Oak wine barrel as an active vessel: A critical review of past and current knowledge.

机构信息

a Analytical Chemistry, Universidad de Valladolid Escuela Tecnica Superior de Ingenierias Agrarias , Palencia , Spain.

b Agricultural and Forestry Engineering , Universidad de Valladolid Escuela Tecnica Superior de Ingenierias Agrarias , Palencia , Spain.

出版信息

Crit Rev Food Sci Nutr. 2018;58(16):2711-2726. doi: 10.1080/10408398.2017.1330250. Epub 2017 Sep 6.

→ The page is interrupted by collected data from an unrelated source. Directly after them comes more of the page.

lemma spread_block_coord:
  assumes "a \<in> coord_space {..<min r u}" "1 \<le> i" "i \<le> h" "t < u"
  shows "spread u h r a ((i - 1) * u + t) = a t"
proof (cases "i = 1")
  case False
  define j where "j = (i - 1) * u + t"
  have "1 * u \<le> (i - 1) * u" using False assms(2) by (intro mult_le_mono1) auto
  then have "u \<le> j" unfolding j_def by linarith
  moreover have "j < i * u" using assms(2,4) by (cases i) (auto simp: j_def)
  then have "j < h * u" using mult_le_mono1[OF assms(3), of u] by linarith
  moreover have "j mod u = t" using assms(4) by (simp add: j_def)
  moreover have "a j = 0" using assms(1) \<open>u \<le> j\<close> by (auto simp: coord_space_def)
  ultimately show ?thesis unfolding j_def[symmetric] by (simp add: spread_def)
qed (use assms in \<open>auto simp: spread_def coord_space_def\<close>)

locale block_complement_code =
  fixes cols :: "(nat \<Rightarrow> 'a::{finite,field}) list" and k u h :: nat
  assumes u_pos: "0 < u" and h_pos: "0 < h" and blocks_fit: "h * u \<le> k"
    and weight_pos: "h * CARD('a) ^ (u - 1) < CARD('a) ^ (k - 1)"
    and cols_reps: "proj_reps (U_set k u h) cols"
begin

abbreviation n :: nat where "n \<equiv> length cols"
abbreviation V :: "(nat \<Rightarrow> 'a) set" where "V \<equiv> coord_space {..<k}"
abbreviation U :: "(nat \<Rightarrow> 'a) set" where "U \<equiv> U_set k u h"
abbreviation B :: "nat \<Rightarrow> (nat \<Rightarrow> 'a) set" where "B i \<equiv> coord_space (block u i)"

lemma finite_V: "finite V"
  by (simp add: finite_coord_space)

lemma block_subset: "i \<le> h \<Longrightarrow> block u i \<subseteq> {..<k}"
  using block_subset_lessThan[of i h u] blocks_fit by auto

lemma U_eq: "U = V - {\<lambda>_. 0} - (\<Union>i\<in>{1..h}. B i)"
proof -
  have "block_subspace k u i = B i" if "i \<le> h" for i
    using block_subset[OF that]
    by (auto simp: block_subspace_def vecs_def coord_space_def block_def subset_iff)
  then show ?thesis by (auto simp: U_set_def vecs_eq_coord_space)
qed

lemma card_cols_filter:
  assumes "\<And>v l. v \<in> U \<Longrightarrow> l \<noteq> 0 \<Longrightarrow> P (\<lambda>i. l * v i) = P v"
  shows "card {j. j < n \<and> P (cols ! j)} * (CARD('a) - 1) = card {v \<in> U. P v}"
proof (rule card_proj_reps_filter[OF cols_reps _ _ assms])
  show "(\<lambda>i. l * v i) \<in> U" if "v \<in> U" "l \<noteq> 0" for v l
    using that by (auto simp: U_set_def block_subspace_def vecs_def fun_eq_iff)
  show "(\<lambda>_. 0) \<notin> U" by (simp add: U_set_def)
qed
lemma dx_tr_in_ncmul: "dx_tr_in (ncmul u w) c = dx_tr_in u (ncmul w c) + dx_tr_in w (ncmul c u)"
proof
  fix v
  have in_u: "sum_splits (\<lambda>q r. sum_splits (\<lambda>m p. sum_splits (\<lambda>s t. u (p @ GX # s) * w t) q * c m) r) v
      = dx_tr_in u (ncmul w c) v"
    unfolding sum_splits_mult_right sum_splits_assoc4
    by (simp add: dx_tr_in_def ncmul_eq_sum_splits sum_splits_mult_left mult.assoc)
  have in_w: "sum_splits (\<lambda>q r. sum_splits (\<lambda>m p. sum_splits (\<lambda>s t. u s * w (t @ GX # q)) p * c m) r) v
      = dx_tr_in w (ncmul c u) v"
  proof -
    have "sum_splits (\<lambda>m p. sum_splits (\<lambda>s t. u s * w (t @ GX # q)) p * c m) r
        = sum_splits (\<lambda>m p. sum_splits (\<lambda>s t. c m * u s * w (t @ GX # q)) p) r" for q r
      by (simp add: sum_splits_mult_right sum_splits_mult_left mult_ac)
    also have "\<dots> q r = sum_splits (\<lambda>M t. sum_splits (\<lambda>m s. c m * u s * w (t @ GX # q)) M) r" for q r
      by (rule sum_splits_assoc)
    finally show ?thesis
      by (simp add: dx_tr_in_def ncmul_eq_sum_splits sum_splits_mult_left mult_ac)
  qed
  have "dx_tr_in (ncmul u w) c v =
      sum_splits (\<lambda>q r. sum_splits (\<lambda>m p. sum_splits (\<lambda>s t. u (p @ GX # s) * w t) q * c m) r) v
    + sum_splits (\<lambda>q r. sum_splits (\<lambda>m p. sum_splits (\<lambda>s t. u s * w (t @ GX # q)) p * c m) r) v"
    by (simp add: dx_tr_in_def ncmul_append_Cons distrib_right sum_splits_add add.commute)
  then show "dx_tr_in (ncmul u w) c v = (dx_tr_in u (ncmul w c) + dx_tr_in w (ncmul c u)) v"
    by (simp add: in_u in_w)
qed

lemma dx_tr_in_gx: "dx_tr_in gx c = c"
proof
  fix v
  have "p @ GX # q = [GX] \<longleftrightarrow> p = [] \<and> q = []" for p q
    by (cases p) auto
  then have "dx_tr_in gx c v =
      sum_splits (\<lambda>q r. if q = [] then sum_splits (\<lambda>m p. if p = [] then c m else 0) r else 0) v"
    unfolding dx_tr_in_def gx_def by (auto intro!: sum_splits_cong)
  then show "dx_tr_in gx c v = c v"
    by (simp add: sum_splits_Nil_left sum_splits_Nil_right)
qed

lemma dx_tr_in_gy: "dx_tr_in gy c = 0"
proof -
  have "p @ GX # q \<noteq> [GY]" for p q
    by (cases p) auto
  then show ?thesis
    by (simp add: dx_tr_in_def gy_def sum_splits_def fun_eq_iff)
qed

lemma kappa_bracket:
  "kappa (bracket a b) = bracket a b + dx_tr_in a (bracket b gx) - dx_tr_in b (bracket a gx)"
proof -
  have "dx_tr (ncmul gx (ncmul a b)) = ncmul a b + dx_tr_in a (ncmul b gx) + dx_tr_in b (ncmul gx a)"
    for a b by (simp add: dx_tr_ncmul dx_tr_in_gx dx_tr_in_ncmul)
  then show ?thesis
    by (simp add: kappa_def bracket_def ncmul_diff_right linear_diff[OF linear_dx_tr]
        linear_diff[OF linear_dx_tr_in_right])
qed

section \<open>\<open>\<kappa>\<close> on the brackets \<open>[x\<^sub>i, x\<^sub>j]\<close>\<close>

abbreviation xi :: "nat \<Rightarrow> ncp" where
  "xi i \<equiv> adypow i gx"

definition neg_ad_y :: "ncp \<Rightarrow> ncp" where
  "neg_ad_y l = bracket l gy"

lemma neg_ad_y_eq: "neg_ad_y l = - bracket gy l"
  by (simp add: neg_ad_y_def bracket_def)

lemma linear_neg_ad_y: "linear neg_ad_y"
  unfolding neg_ad_y_def[abs_def] by (rule linear_bracket_left)

lemma adypow_Suc: "adypow (Suc i) a = bracket gy (adypow i a)"
  by (simp add: adypow_def)

lemma adypow_0 [simp]: "adypow 0 a = a"
  by (simp add: adypow_def)

lemma dx_tr_in_xi: "dx_tr_in (xi i) c = (neg_ad_y ^^ i) c"
proof (induction i arbitrary: c)
  case 0
  then show ?case by (simp add: dx_tr_in_gx)
next
  case (Suc i)
  have "dx_tr_in (xi (Suc i)) c = dx_tr_in (ncmul gy (xi i)) c - dx_tr_in (ncmul (xi i) gy) c"
    by (simp add: adypow_Suc bracket_def linear_diff[OF linear_dx_tr_in_left])
  also have "\<dots> = dx_tr_in (xi i) (neg_ad_y c)"
    by (simp add: dx_tr_in_ncmul dx_tr_in_gy neg_ad_y_def bracket_def
        linear_diff[OF linear_dx_tr_in_right])
  also have "\<dots> = (neg_ad_y ^^ Suc i) c"
    by (simp add: Suc.IH funpow_swap1)
  finally show ?case .
qed

lemma kappa_bracket_xi:
  "kappa (bracket (xi i) (xi j)) =
     bracket (xi i) (xi j) + (neg_ad_y ^^ i) (bracket (xi j) gx) - (neg_ad_y ^^ j) (bracket (xi i) gx)"
  by (simp add: kappa_bracket dx_tr_in_xi)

DOI:10.1080/10408398.2017.1330250
PMID:28557529
Abstract

We review the role of the oak barrel as an active vessel for wine maturation. We present a historical background to highlight that previously established aspects of processes occurring with wine inside the oak barrel are still without confirmation. We argue that recently published new findings on the topic are determining factors in defining the manner in which the oak barrel works with wine. Several studies have been published reviewing how the wine barrel functions as an active vessel that releases chemical compounds into the wine, improving its physical, chemical, and sensory properties. Nevertheless, there are hardly any studies that describe how a wine barrel functions as an active vessel. The present review details the main factors affecting the gas exchange capacity of the barrel, such as the pressure drop generated within the barrel, the formation of a headspace, the effect of wood anatomy, the different oxygen entry routes, the role of wood moisture content and soluble ellagitannins, and the effect of barrel toasting on cooperage. Finally, a hypothesis is proposed regarding the function of the barrel as an active vessel, which determines the manner in which it interacts with the wine that it contains during aging.

摘要

我们回顾了橡木桶作为葡萄酒成熟的活性容器的作用。我们提供了一个历史背景,以强调以前在橡木桶中发生的与葡萄酒相关的过程的既定方面仍然没有得到证实。我们认为,最近发表的关于这一主题的新发现是定义橡木桶与葡萄酒相互作用方式的决定因素。已经发表了几项研究来综述葡萄酒桶如何作为一个活性容器,将化合物释放到葡萄酒中,从而改善其物理、化学和感官特性。然而,几乎没有研究描述葡萄酒桶如何作为一个活性容器发挥作用。本综述详细介绍了影响桶气体交换能力的主要因素,如桶内产生的压降、形成的顶空、木材解剖结构的影响、不同的氧气进入途径、木材水分含量和可溶鞣花单宁的作用,以及桶烘烤对制桶的影响。最后,提出了一个关于桶作为活性容器的功能的假设,这决定了它在老化过程中与所包含的葡萄酒相互作用的方式。